For now, many AI tools for grid-modernization, like Utilidata’s software, focus on reliability and outage predictions, rather than giving algorithms the authority to determine power distribution. Kim and other researchers at ANL are working on systems that could allow for such machine-learning-based grid control, but they’re relatively far off.
Spieler thinks the future of grids could be akin to an autonomous car. “It’s got a powerful chip in there that allows it to make real-time decisions…and then it uses that network to update the model, share what it’s learned, and ingest what other people have learned”—but that likely won’t happen for a while.
Ultimately, though, developing the tech itself may not be as difficult as getting the green light from utilities and regulators.
“The utility industry is a very cautious industry,” Spieler said. “It’s kind of like IT—when everything works, everybody’s happy.

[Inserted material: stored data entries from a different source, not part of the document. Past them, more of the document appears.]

lemma null_steering_triangular_step:
  assumes upper: "\<And>i j. j < i \<Longrightarrow> R i j = 0" and "Re (R k k) \<le> 0" and "k < n" and "\<delta> > 0"
    and steer: "null_steering R {Suc k..<n} \<delta> y0 y' v' T1"
  obtains y v T where "null_steering R {k..<n} \<delta> y0 y v T"
proof -
  have "T1 \<ge> 0" and y'_0: "\<forall>i\<in>{Suc k..<n}. y' 0 i = y0 i"
    and y'_int: "\<forall>i\<in>{Suc k..<n}. \<forall>t\<ge>0.
        ((\<lambda>s. (\<Sum>j\<in>{Suc k..<n}. R i j * y' s j) + v' s i) has_integral (y' t i - y0 i)) {0..t}"
    and v'_small: "\<forall>s. \<forall>i\<in>{Suc k..<n}. cmod (v' s i) \<le> \<delta>"
    and y'_end: "\<forall>t\<ge>T1. \<forall>i\<in>{Suc k..<n}. y' t i = 0"
    using steer unfolding null_steering_def by blast+
  define g where "g s = (\<Sum>j\<in>{Suc k..<n}. R k j * y' s j)" for s
  have g_cont: "continuous_on {0..t} g" for t
    unfolding g_def using null_steering_continuous_on[OF steer]
    by (auto intro!: continuous_on_sum continuous_on_mult_left)
  have g_end: "g s = 0" if "s \<ge> T1" for s
    using y'_end that by (simp add: g_def)
  obtain a va Ta where "Ta \<ge> 0" "a 0 = y0 k"
    and a_int: "\<forall>t\<ge>0. ((\<lambda>s. R k k * a s + g s + va s) has_integral (a t - y0 k)) {0..t}"
    and va_small: "\<forall>s. cmod (va s) \<le> \<delta>" and a_end: "\<forall>t\<ge>Ta. a t = 0"
    by (rule forced_scalar_null_steering[OF \<open>Re (R k k) \<le> 0\<close> \<open>\<delta> > 0\<close> \<open>T1 \<ge> 0\<close> g_cont g_end])
  define y where "y s i = (if i = k then a s else y' s i)" for s i
  define v where "v s i = (if i = k then va s else v' s i)" for s i
  have row_k: "(\<Sum>j\<in>{k..<n}. R k j * y s j) + v s k = R k k * a s + g s + va s" for s
    using \<open>k < n\<close> by (simp add: sum.atLeast_Suc_lessThan g_def y_def v_def)
  have row_i: "(\<Sum>j\<in>{k..<n}. R i j * y s j) + v s i = (\<Sum>j\<in>{Suc k..<n}. R i j * y' s j) + v' s i"
    if "i \<in> {Suc k..<n}" for i s
    using \<open>k < n\<close> that upper[of k i] by (simp add: sum.atLeast_Suc_lessThan y_def v_def)
  have "null_steering R {k..<n} \<delta> y0 y v (max T1 Ta)"
    unfolding null_steering_def
  proof (intro conjI ballI allI impI)
    show "0 \<le> max T1 Ta"
      using \<open>T1 \<ge> 0\<close> by simp
    show "y 0 i = y0 i" if "i \<in> {k..<n}" for i
      using that y'_0 \<open>a 0 = y0 k\<close> by (auto simp: y_def)
    show "((\<lambda>s. (\<Sum>j\<in>{k..<n}. R i j * y s j) + v s i) has_integral (y t i - y0 i)) {0..t}"
      if "i \<in> {k..<n}" "0 \<le> t" for i t
    proof (cases "i = k")
      case True
      have "((\<lambda>s. (\<Sum>j\<in>{k..<n}. R k j * y s j) + v s k) has_integral (y t k - y0 k)) {0..t}"
        unfolding row_k using a_int that(2) by (simp add: y_def)
      with True show ?thesis
        by simp
    next
      case False
      with that have "i \<in> {Suc k..<n}"
        by auto
      then have "((\<lambda>s. (\<Sum>j\<in>{k..<n}. R i j * y s j) + v s i) has_integral (y' t i - y0 i)) {0..t}"
        unfolding row_i[OF \<open>i \<in> {Suc k..<n}\<close>] using y'_int that(2) by simp
      with False show ?thesis
        by (simp add: y_def)
    qed
    show "cmod (v s i) \<le> \<delta>" if "i \<in> {k..<n}" for s i
      using that v'_small va_small by (auto simp: v_def)
    show "y t i = 0" if "max T1 Ta \<le> t" "i \<in> {k..<n}" for t i
      using that y'_end a_end by (auto simp: y_def)
  qed
  then show thesis
    by (rule that)
qed
lemma null_law_offset_row_sum_stat_lower_tail:
  fixes a :: "nat \<Rightarrow> real"
  assumes "0 < n" "0 < t" and s: "s\<^sup>2 = 2 * t\<^sup>2 * real n ^ 3" "4 * t\<^sup>2 * real n \<le> s"
    and A: "(\<Sum>i<n. (a i)\<^sup>2) \<ge> 3 * s"
  shows "measure (null_law n) {Z \<in> space (null_law n). offset_row_sum_stat n a Z \<le> real n ^ 2 + s} \<le> 1 / t\<^sup>2"
proof -
  let ?A = "\<Sum>i<n. (a i)\<^sup>2"
  have "0 < 4 * t\<^sup>2 * real n" using assms by simp
  then have "real n ^ 2 + s < real n ^ 2 + ?A" using s(2) A by linarith
  then have "measure (null_law n) {Z \<in> space (null_law n). offset_row_sum_stat n a Z \<le> real n ^ 2 + s}
      \<le> (2 * real n ^ 3 + 4 * real n * ?A) / (real n ^ 2 + ?A - (real n ^ 2 + s))\<^sup>2"
    by (rule null_law_offset_row_sum_stat_tails(1))
  also have "\<dots> = (2 * real n ^ 3 + 4 * real n * ?A) / (?A - s)\<^sup>2" by simp
  also have "\<dots> \<le> 1 / t\<^sup>2"
    using \<open>0 < n\<close> by (intro offset_variance_ratio_le[OF _ \<open>0 < t\<close> s A]) simp
  finally show ?thesis .
qed

lemma null_law_row_sum_stat_tail:
  assumes "0 < n" "0 < t" and s: "s\<^sup>2 = 2 * t\<^sup>2 * real n ^ 3" "0 < s"
  shows "measure (null_law n) {Y \<in> space (null_law n). row_sum_stat n Y < real n ^ 2 + s} \<ge> 1 - 1 / t\<^sup>2"
proof -
  have stat: "offset_row_sum_stat n (\<lambda>_. 0) = row_sum_stat n"
    by (simp add: fun_eq_iff offset_row_sum_stat_def row_sum_stat_def)
  have "real n ^ 2 + (\<Sum>i<n. 0\<^sup>2) < real n ^ 2 + s" using s by simp
  note tail = null_law_offset_row_sum_stat_tails(2)[OF this]
  have "(2 * real n ^ 3 + 4 * real n * (\<Sum>i<n. 0\<^sup>2)) / (real n ^ 2 + s - (real n ^ 2 + (\<Sum>i<n. 0\<^sup>2)))\<^sup>2
      = 1 / t\<^sup>2"
    using assms by (simp add: s(1))
  then show ?thesis using tail unfolding stat by simp
qed

lemma planted_row_offset_energy_large:
  fixes n :: nat and \<rho> lam t s :: real and v :: "nat \<Rightarrow> bool"
  assumes n: "24 \<le> real n" and \<rho>: "0 < \<rho>" "\<rho> < 1/8" and t: "t \<le> sqrt (\<rho> * real n) / 2"
    and lam: "4 * s \<le> lam\<^sup>2 * ((1/8 - \<rho>) * \<rho>^3 * real n ^ 3)"
    and v: "\<bar>(\<Sum>j<n. of_bool (v j)) - real n * \<rho>\<bar> < t * sqrt (\<rho> * real n)"
  shows "(\<Sum>i<n. (planted_row_offset n \<rho> lam v i)\<^sup>2) \<ge> 3 * s"
proof -
  define K where "K = (\<Sum>j<n. of_bool (v j) :: real)"
  have "t * sqrt (\<rho> * real n) \<le> sqrt (\<rho> * real n) / 2 * sqrt (\<rho> * real n)"
    using t \<rho> by (intro mult_right_mono) auto
  also have "\<dots> = real n * \<rho> / 2" using \<rho>(1) by (simp add: less_imp_le mult.commute)
  finally have K: "K \<ge> real n * \<rho> / 2" using v unfolding K_def abs_less_iff by (elim conjE) linarith
  have "lam\<^sup>2 * ((3/4) * (1/8 - \<rho>) * \<rho>^3 * real n ^ 3) = (3/4) * (lam\<^sup>2 * ((1/8 - \<rho>) * \<rho>^3 * real n ^ 3))"
    by (simp only: mult_ac)
  then have "3 * s \<le> lam\<^sup>2 * ((3/4) * (1/8 - \<rho>) * \<rho>^3 * real n ^ 3)" using lam by linarith
  also have "\<dots> \<le> lam\<^sup>2 * (K * (K - (\<rho> + (real n - 1) * \<rho>\<^sup>2))\<^sup>2)"
    using support_energy_lower[OF n \<rho> K] by (intro mult_left_mono) auto
  also have "\<dots> = K * (lam * (K - (\<rho> + (real n - 1) * \<rho>\<^sup>2)))\<^sup>2"
    by (simp add: power_mult_distrib)
  also have "\<dots> \<le> (\<Sum>i<n. (planted_row_offset n \<rho> lam v i)\<^sup>2)"
    unfolding K_def using \<rho> by (intro planted_row_offset_energy) auto
  finally show ?thesis .
qed

lemma planted_law_row_sum_stat_tail:
  fixes n :: nat and \<rho> lam t s :: real
  assumes n: "24 \<le> real n" and \<rho>: "0 < \<rho>" "\<rho> < 1/8" and t: "0 < t" "t \<le> sqrt (\<rho> * real n) / 2"
    and s: "s\<^sup>2 = 2 * t\<^sup>2 * real n ^ 3" "4 * t\<^sup>2 * real n \<le> s"
    and lam: "4 * s \<le> lam\<^sup>2 * ((1/8 - \<rho>) * \<rho>^3 * real n ^ 3)"
  shows "measure (planted_law n \<rho> lam) {Y \<in> space (planted_law n \<rho> lam). row_sum_stat n Y > real n ^ 2 + s}
    \<ge> 1 - 2 / t\<^sup>2"
proof -
  have n0: "0 < n" using n by simp
  define B where "B = {v \<in> space (spike_law n \<rho>).
    t * sqrt (\<rho> * real n) \<le> \<bar>(\<Sum>j<n. of_bool (v j)) - real n * \<rho>\<bar>}"
  have [measurable]: "(\<lambda>v. v j) \<in> measurable (spike_law n \<rho>) (count_space UNIV)" if "j < n" for j
    using spike_law_coordinate_measurable[OF that] .
  have "B \<in> sets (spike_law n \<rho>)" unfolding B_def by measurable
  moreover have "measure (spike_law n \<rho>) B \<le> 1 / t\<^sup>2"
    unfolding B_def using \<rho> t n0 by (intro spike_count_small_deviation) auto
  moreover have "measure (null_law n) {Z \<in> space (null_law n).
      offset_row_sum_stat n (planted_row_offset n \<rho> lam v) Z \<le> real n ^ 2 + s} \<le> 1 / t\<^sup>2"
    if "v \<in> space (spike_law n \<rho>)" "v \<notin> B" for v
    using that n0 t s planted_row_offset_energy_large[OF n \<rho> t(2) lam, of v]
    by (intro null_law_offset_row_sum_stat_lower_tail) (auto simp: B_def not_le)
  ultimately show ?thesis
    using planted_law_upper_tail[of "1 / t\<^sup>2" B n \<rho> "1 / t\<^sup>2" lam "real n ^ 2 + s"] by simp
qed

lemma lam_condition_sq:
  fixes n :: nat and \<rho> lam t :: real
  assumes "0 < n" "0 < \<rho>" "\<rho> < 1/8" "0 < t"
    and lam: "lam \<ge> sqrt (4 * sqrt 2 * t / (1/8 - \<rho>)) * (\<rho> * sqrt (real n)) powr (-3/2)"
  shows "4 * (t * sqrt 2 * real n powr (3/2)) \<le> lam\<^sup>2 * ((1/8 - \<rho>) * \<rho>^3 * real n ^ 3)"
proof -
  define C where "C = 4 * sqrt 2 * t / (1/8 - \<rho>)"
  define q where "q = \<rho> * sqrt (real n)"
  have C: "C > 0" and q: "q > 0" using assms by (simp_all add: C_def q_def)
  have "C / q ^ 3 = (sqrt C * q powr (-3/2))\<^sup>2"
    using C power2_powr_neg_three_halves[OF q] by (simp add: power_mult_distrib)
  also have "\<dots> \<le> lam\<^sup>2"
    using lam C by (intro power_mono) (auto simp: C_def q_def)
  finally have "C \<le> lam\<^sup>2 * q ^ 3" using q by (simp add: divide_le_eq)
  then have "C * ((1/8 - \<rho>) * real n powr (3/2)) \<le> lam\<^sup>2 * q ^ 3 * ((1/8 - \<rho>) * real n powr (3/2))"
    using assms by (intro mult_right_mono) auto
  moreover have "C * ((1/8 - \<rho>) * real n powr (3/2)) = 4 * (t * sqrt 2 * real n powr (3/2))"
    using assms by (simp add: C_def)
  moreover have "lam\<^sup>2 * q ^ 3 * ((1/8 - \<rho>) * real n powr (3/2))
      = lam\<^sup>2 * ((1/8 - \<rho>) * \<rho>^3 * (real n powr (3/2))\<^sup>2)"
    using assms by (simp add: q_def power_mult_distrib powr_three_halves power2_eq_square)
  ultimately show ?thesis
    using assms by (simp add: power2_powr_three_halves)
qed

lemma large_t_consequences:
  fixes n :: nat and \<rho> t :: real
  assumes "0 < \<rho>" "0 < t" "2 < t\<^sup>2" and t: "t \<le> (sqrt 2 / 18) * (1/8 - \<rho>) * sqrt (real n)"
  shows "24 \<le> real n" and "4 * t\<^sup>2 * real n \<le> t * sqrt 2 * real n powr (3/2)"
proof -
  have t144: "t \<le> sqrt 2 * sqrt (real n) / 144"
  proof -
    have "(sqrt 2 / 18) * (1/8 - \<rho>) * sqrt (real n) \<le> (sqrt 2 / 18) * (1/8) * sqrt (real n)"
      using \<open>0 < \<rho>\<close> by (intro mult_right_mono mult_left_mono) auto
    moreover have "(sqrt 2 / 18) * (1/8) * sqrt (real n) = sqrt 2 * sqrt (real n) / 144" by simp
    ultimately show ?thesis using t by linarith
  qed
  then have "t\<^sup>2 \<le> (sqrt 2 * sqrt (real n) / 144)\<^sup>2" using \<open>0 < t\<close> by (intro power_mono) auto
  then have "2 < 2 * real n / 20736" using \<open>2 < t\<^sup>2\<close> by (simp add: power_mult_distrib power_divide)
  then show "24 \<le> real n" by simp
  moreover have "4 * t \<le> sqrt 2 * sqrt (real n)" using t144 \<open>0 < t\<close> by simp
  ultimately have "t * (4 * t * real n) \<le> t * (sqrt 2 * sqrt (real n) * real n)"
    using \<open>0 < t\<close> by (intro mult_left_mono mult_right_mono) auto
  also have "\<dots> = t * sqrt 2 * real n powr (3/2)"
    using \<open>24 \<le> real n\<close> by (simp add: powr_three_halves power3_eq_cube)
  finally show "4 * t\<^sup>2 * real n \<le> t * sqrt 2 * real n powr (3/2)"
    by (simp add: power2_eq_square mult.assoc)
qed

theorem mainTheorem16:
  fixes n :: nat and \<rho> lam t :: real
  assumes "1 / real n \<le> \<rho>" and "\<rho> < 1/8"
    and "lam \<ge> 0"
    and "0 < t"
    and "t \<le> min ((1/2) * sqrt (\<rho> * real n)) ((sqrt 2 / 18) * (1/8 - \<rho>) * sqrt (real n))"
    and "lam \<ge> sqrt (4 * sqrt 2 * t / (1/8 - \<rho>)) * (\<rho> * sqrt (real n)) powr (-3/2)"
  shows "(measure (null_law n)
           {Y \<in> space (null_law n). row_sum_stat n Y < real n ^ 2 + t * sqrt 2 * real n powr (3/2)}
           \<ge> 1 - 1 / t^2) \<and>
         (measure (planted_law n \<rho> lam)
           {Y \<in> space (planted_law n \<rho> lam). row_sum_stat n Y > real n ^ 2 + t * sqrt 2 * real n powr (3/2)}
           \<ge> 1 - 2 / t^2)"
proof -
  have t1: "t \<le> sqrt (\<rho> * real n) / 2" and t2: "t \<le> (sqrt 2 / 18) * (1/8 - \<rho>) * sqrt (real n)"
    using assms(5) by auto
  have "0 < sqrt (\<rho> * real n)" using \<open>0 < t\<close> t1 by linarith
  then have n: "0 < n" and \<rho>: "0 < \<rho>" by (auto simp: zero_less_mult_iff)
  define s where "s = t * sqrt 2 * real n powr (3/2)"
  have s: "s\<^sup>2 = 2 * t\<^sup>2 * real n ^ 3" "0 < s"
    using n \<open>0 < t\<close> by (simp_all add: s_def power_mult_distrib power2_powr_three_halves)
  have "measure (planted_law n \<rho> lam) {Y \<in> space (planted_law n \<rho> lam). row_sum_stat n Y > real n ^ 2 + s}
      \<ge> 1 - 2 / t\<^sup>2"
  proof (cases "t\<^sup>2 \<le> 2")
    case True
    then have "1 - 2 / t\<^sup>2 \<le> 0" using \<open>0 < t\<close> by (simp add: field_simps)
    then show ?thesis using measure_nonneg order_trans by blast
  next
    case False
    then have "2 < t\<^sup>2" by simp
    note large = large_t_consequences[OF \<rho> \<open>0 < t\<close> this t2, folded s_def]
    show ?thesis
      using lam_condition_sq[OF n \<rho> \<open>\<rho> < 1/8\<close> \<open>0 < t\<close> assms(6), folded s_def]
      by (rule planted_law_row_sum_stat_tail[OF large(1) \<rho> \<open>\<rho> < 1/8\<close> \<open>0 < t\<close> t1 s(1) large(2)])
  qed
  then show ?thesis
    using null_law_row_sum_stat_tail[OF n \<open>0 < t\<close> s] unfolding s_def by simp
qed

end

When it doesn’t work, it’s a disaster.”
As a result, convincing utilities to embrace—and invest heavily in—an AI overhaul isn’t easy. (Emerging Tech Brew reached out to utilities like PG&E and Evergy to talk about AI projects, and they either declined to talk or did not respond.)
“You don’t really have to re-create the wheel, from a distributed AI technology perspective,” Brumberger told us. He added, “This is incredibly complex stuff, but it’s not nuclear fusion. This is really around a system embracing existing technologies that have already revolutionized countless industries and bringing it into this industry at the dawn of what is being called the electrification of everything.”